1
votes

Context

I'm fairly new to the Google Cloud Platform and I'm trying out Google Dataflow. I read a CSV file and simulate streaming data. CSV row publishes into topic (PubSub) and Dataflow reads it and inserts the data into a BigQuery table.

Problem

When my file contains types STRING, FLOAT, INTEGER my process finished successfully and data is loaded to BigQuery. But if I add to my process one of those types: DATETIME, TIME, DATE it always fails. There are many code examples but I didn't find code example that show how to handle it.

Data Examples

2017-01-23 - load it into DATE type

14:10:12 - load it into TIME type

I hope you guys can help me with this ...

1
Please provide more details about your code and a complete printout of the failure. Merely knowing that the pipeline fails is insufficient to help you with debugging. - jkff
We use timestamp as date format in BQ. While adding data to BQ from dataflow we are putting date as String with specific timestamp format yyyy-MM-dd hh:MM:ss.SSS. This is working perfectly for us in all pipes we build.
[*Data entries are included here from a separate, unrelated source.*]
lemma adjacent_iff_next_or_prev: "E u w \<longleftrightarrow> w = cycle_next u \<or> w = cycle_prev u"
proof
  assume "E u w"
  then obtain i k where ik: "i < n" "k < len i" and uw: "{u, w} = {c i k, c i ((k + 1) mod len i)}"
    using adjacent_iff by blast
  have "cycle_next (c i k) = c i ((k + 1) mod len i)"
    unfolding cycle_next_def using cycle_of_vertex[OF ik] cycle_pos_vertex[OF ik] by simp
  then have "{u, w} = {c i k, cycle_next (c i k)}"
    using uw by simp
  then show "w = cycle_next u \<or> w = cycle_prev u"
    by (auto simp: doubleton_eq_iff)
next
  have edge_next: "E v (cycle_next v)" for v
    unfolding adjacent_iff cycle_next_def
    using cycle_of(1) cycle_pos by (metis insert_commute)
  have "E (cycle_prev u) u"
    using edge_next[of "cycle_prev u"] by simp
  then have "E u (cycle_prev u)"
    by (simp add: adjacent_iff insert_commute)
  moreover assume "w = cycle_next u \<or> w = cycle_prev u"
  ultimately show "E u w"
    using edge_next[of u] by auto
qed

lemma sum_cycle_next: "(\<Sum>u\<in>UNIV. f (cycle_next u)) = (\<Sum>u\<in>UNIV. f u)"
  by (rule sum.reindex_bij_witness[of _ cycle_prev cycle_next]) auto

lemma sum_cycle_prev: "(\<Sum>u\<in>UNIV. f (cycle_prev u)) = (\<Sum>u\<in>UNIV. f u)"
  by (rule sum.reindex_bij_witness[of _ cycle_next cycle_prev]) auto

lemma adjacency_matrix_mult:
  "(adjacency_matrix E *v x) $ u = x $ cycle_next u + x $ cycle_prev u"
proof -
  have "(adjacency_matrix E *v x) $ u = (\<Sum>w\<in>UNIV. if E u w then x $ w else 0)"
    by (auto simp: matrix_vector_mult_def adjacency_matrix_def intro!: sum.cong)
  also have "\<dots> = (\<Sum>w\<in>{w. E u w}. x $ w)"
    using sum.inter_filter[of UNIV "\<lambda>w. x $ w" "E u"] by simp
  also have "{w. E u w} = {cycle_next u, cycle_prev u}"
    using adjacent_iff_next_or_prev by auto
  finally show ?thesis
    using cycle_next_neq_prev by simp
qed

lemma all_ones_mult: "(all_ones *v x) $ u = (\<Sum>w\<in>UNIV. x $ w)"
  by (simp add: matrix_vector_mult_def all_ones_def)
Hope this will help - Jack
So, did you found which POJO to send to BigQuery for Date and DateTime formats ? - vdolez

1 Answers

1
votes

I tried few things:

//1
SimpleDateFormat sdf = new SimpleDateFormat("yyyy-MM-dd");
  String dateInString = info.getEventDate();
  Date date = sdf.parse(dateInString);

row.set("EventDate", date);


//2
row.set("EventDate", new DateTime("2017-01-23")); 


//3
public String getEventDate() {
return get(Field.EventDate);  }
...
...
...
row.set("EventDate", info.getEventDate());


//4
private static DateTimeFormatter dmt = DateTimeFormat.forPattern("yyyy-MM-dd");
....
....
....
DateTime ds = dmt.parseDateTime(info.getEventDate());